He said, “The infection?”
She nodded. “There was nothing we could do, short of flying her to Kampala.” Which, on their budget, was out of the question.
She went on, “I’m worried about Mary. They were close.”
“I’ll look in on her later, talk to her.”
“If you would, Ben.” She sighed. “Christ, I told her not to worry...” She looked up, then said, “I’m sorry.”
He shook his head, smiling tolerantly. He had become accustomed to the frequency of her blaspheming.
A week ago a mother from a nearby village had brought in her malnourished daughter. Her complaint was not malnutrition, but a swollen abdomen. Ben had diagnosed appendicitis and operated, and all seemed well until, a couple of days ago, the five-year-old developed a high fever. Mary, a nurse six months out of medical college in Tewkesbury, had committed the cardinal sin of identifying with the kid.
Sally had long ago learned that lesson.
Ben said, “What’s wrong?”
She looked up. “What makes you think...?”
“I’ve known you for years, Sally Walsh. I know when you have something on your mind.”
She hadn’t wanted to tell him like this; she had wanted to break it to him gently – if that were possible.
“I hope you won’t think any less of me for this, Ben.” She stared into her glass, swirled the toxic amber liquid. “I’ve had enough. I’ve had five years here and I’ve had enough. I’ll be leaving in May.”
She had expected his reaction to be one of disappointment, maybe even anger. Instead he just shook his head, as if in stoic acceptance. This seemed to her even more of a condemnation of her decision.
He said, quietly, “Why?”
She shrugged and avoided his gaze. “I’m burned out. I’m... perhaps I’ve come to understand, at last, that the reality here hasn’t matched my expectations.”

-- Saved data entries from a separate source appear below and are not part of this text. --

(* For every integer $n\ge 1$, the number of lines in $\mathbb{Z}_n^2$ equals $\psi(n^2)$, where $\psi:\mathbb{N}\to\mathbb{N}$ is the multiplicative function with $\psi(1)=1$ and $\psi(p^k)=(p+1)p^{k-1}$ for prime powers $p^k>1$.
   Context: $\mathbb{Z}_n=\mathbb{Z}/n\mathbb{Z}$. A line in $\mathbb{Z}_n^2$ is a translate (as a set) of a cyclic subgroup of order $n$ of the additive group $\mathbb{Z}_n^2$. A function $\psi$ is multiplicative if $\psi(1)=1$ and $\psi(nm)=\psi(n)\psi(m)$ for coprime $n,m$. *)

theory Defs
  imports "HOL-Computational_Algebra.Primes"
begin

text \<open>Z_n^2 is modelled as {0..<n} x {0..<n} with componentwise addition mod n.\<close>

definition cyc :: "nat \<Rightarrow> nat \<Rightarrow> nat \<Rightarrow> (nat \<times> nat) set" where
  "cyc n a b = {(k * a mod n, k * b mod n) | k. True}"

definition lines :: "nat \<Rightarrow> (nat \<times> nat) set set" where
  "lines n = {L. \<exists>x y a b. x < n \<and> y < n \<and> a < n \<and> b < n \<and>
      card (cyc n a b) = n \<and>
      L = (\<lambda>(u, v). ((x + u) mod n, (y + v) mod n)) ` cyc n a b}"

definition psi :: "nat \<Rightarrow> nat" where
  "psi m = (\<Prod>p\<in>prime_factors m. (p + 1) * p ^ (multiplicity p m - 1))"

end

theory Submission
  imports Defs "HOL-Number_Theory.Number_Theory"
begin
lemma uncountable_Delta_system_card_le:
  fixes S :: "'b \<Rightarrow> 'a set"
  assumes "uncountable X" "\<forall>x\<in>X. finite (S x) \<and> card (S x) \<le> n"
  obtains r X' where "finite r" "X' \<subseteq> X" "uncountable X'"
    "\<And>x y. x \<in> X' \<Longrightarrow> y \<in> X' \<Longrightarrow> x \<noteq> y \<Longrightarrow> S x \<inter> S y \<subseteq> r"
  using assms
proof (induction n arbitrary: X S thesis)
  case 0
  have "S x = {}" if "x \<in> X" for x using "0.prems"(3) that card_0_eq by auto
  then show ?case by (intro "0.prems"(1)[of "{}" X] "0.prems"(2)) auto
next
  case (Suc n)
  show ?case
  proof (cases "\<exists>\<alpha>. uncountable {x\<in>X. \<alpha> \<in> S x}")
    case True
    then obtain \<alpha> where \<alpha>: "uncountable {x\<in>X. \<alpha> \<in> S x}" by blast
    have card_le: "\<forall>x\<in>{x\<in>X. \<alpha> \<in> S x}. finite (S x - {\<alpha>}) \<and> card (S x - {\<alpha>}) \<le> n"
      using Suc.prems(3) by (auto simp: card_Diff_singleton)
    obtain r X' where r: "finite r" "X' \<subseteq> {x\<in>X. \<alpha> \<in> S x}" "uncountable X'"
      "\<And>x y. x \<in> X' \<Longrightarrow> y \<in> X' \<Longrightarrow> x \<noteq> y \<Longrightarrow> (S x - {\<alpha>}) \<inter> (S y - {\<alpha>}) \<subseteq> r"
      by (rule Suc.IH[of _ "\<lambda>x. S x - {\<alpha>}", OF _ \<alpha> card_le]) (rule that)
    show ?thesis
    proof (rule Suc.prems(1)[of "insert \<alpha> r" X'])
      show "S x \<inter> S y \<subseteq> insert \<alpha> r" if "x \<in> X'" "y \<in> X'" "x \<noteq> y" for x y
        using r(4)[OF that] by blast
    qed (use r(1-3) in auto)
  next
    case False
    then have "countable {x\<in>X. \<alpha> \<in> S x}" for \<alpha> by blast
    moreover have "finite (S x)" if "x \<in> X" for x using Suc.prems(3) that by blast
    ultimately obtain X' where X': "X' \<subseteq> X" "uncountable X'" "disjoint_family_on S X'"
      using uncountable_disjoint_subfamily[OF Suc.prems(2)] by blast
    show ?thesis
    proof (rule Suc.prems(1)[of "{}" X' , OF _ X'(1,2)])
      show "S x \<inter> S y \<subseteq> {}" if "x \<in> X'" "y \<in> X'" "x \<noteq> y" for x y
        using X'(3) that by (simp add: disjoint_family_onD)
    qed simp
  qed
qed

lemma uncountable_Delta_system:
  fixes S :: "'b \<Rightarrow> 'a set"
  assumes "uncountable X" "\<And>x. x \<in> X \<Longrightarrow> finite (S x)"
  obtains r X' where "finite r" "X' \<subseteq> X" "uncountable X'"
    "\<And>x y. x \<in> X' \<Longrightarrow> y \<in> X' \<Longrightarrow> x \<noteq> y \<Longrightarrow> S x \<inter> S y \<subseteq> r"
proof -
  obtain n where n: "uncountable {x\<in>X. card (S x) = n}"
    by (rule uncountable_fibre[OF assms(1)])
  have card_le: "\<forall>x\<in>{x\<in>X. card (S x) = n}. finite (S x) \<and> card (S x) \<le> n"
    using assms(2) by auto
  obtain r X' where "finite r" "X' \<subseteq> {x\<in>X. card (S x) = n}" "uncountable X'"
    "\<And>x y. x \<in> X' \<Longrightarrow> y \<in> X' \<Longrightarrow> x \<noteq> y \<Longrightarrow> S x \<inter> S y \<subseteq> r"
    by (rule uncountable_Delta_system_card_le[OF n card_le]) (rule that)
  then show ?thesis using that[of r X'] by blast
qed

He said, “That is no reason to give in, Sally.”
She looked across at him. He perched on the bed in his stained white uniform, a bony, whittled-down Kenyan in his early fifties, with disappointment burning in his nicotine-brown eyes.
“There comes a time, Ben, when we have to move on. I’ve had five years here. I’m jaded. The place needs someone new, someone with fresh enthusiasm, new ideas.”
“The place needs someone like you, with empathy and experience.”
“Please,” she snapped, “don’t make me feel guilty. I’m going in May and you’ll be getting a replacement fresh from Europe, and after a few weeks it’ll be as if I were never here.”
“Don’t kid yourself on that score, Dr Walsh.”
She smiled. “I’ll miss it – you and the others. But I’ve made my decision.”
They drank in silence for a time. A gecko darted across the wall behind Ben. Cicadas thrummed outside like faulty electrical appliances. It was mercilessly hot within the room and Sally was sweating.
“Do you know why I became a doctor?” she said at last.
“You told me...” He waved his glass. “Wasn’t it something to do with your Marxist ideals?”
“That was why I volunteered to work in Africa,” she said. Ideals, she thought, that had long perished. What was that old saw: If you’re not a communist when you’re twenty, then there’s something wrong with your heart; if you’re still a communist when you’re forty, then there’s something wrong with your head... Well, she was just over forty now and had lost her faith years ago.
“When I was fourteen, Ben, my mother was diagnosed with inoperable and terminal cancer. My father had died of a heart attack when I was two. I have no memories of him. When my mother told me she was ill...” She stared into her whisky, recalling her thin, pinch-faced mother, in her mid-forties, calmly sitting Sally down after dinner one evening and telling her, with a light-hearted matter-of-factness that must have been so hard to achieve, that mummy was ill and might not live for more than a year, but that Aunty Eileen and Uncle Ron would look after her afterwards.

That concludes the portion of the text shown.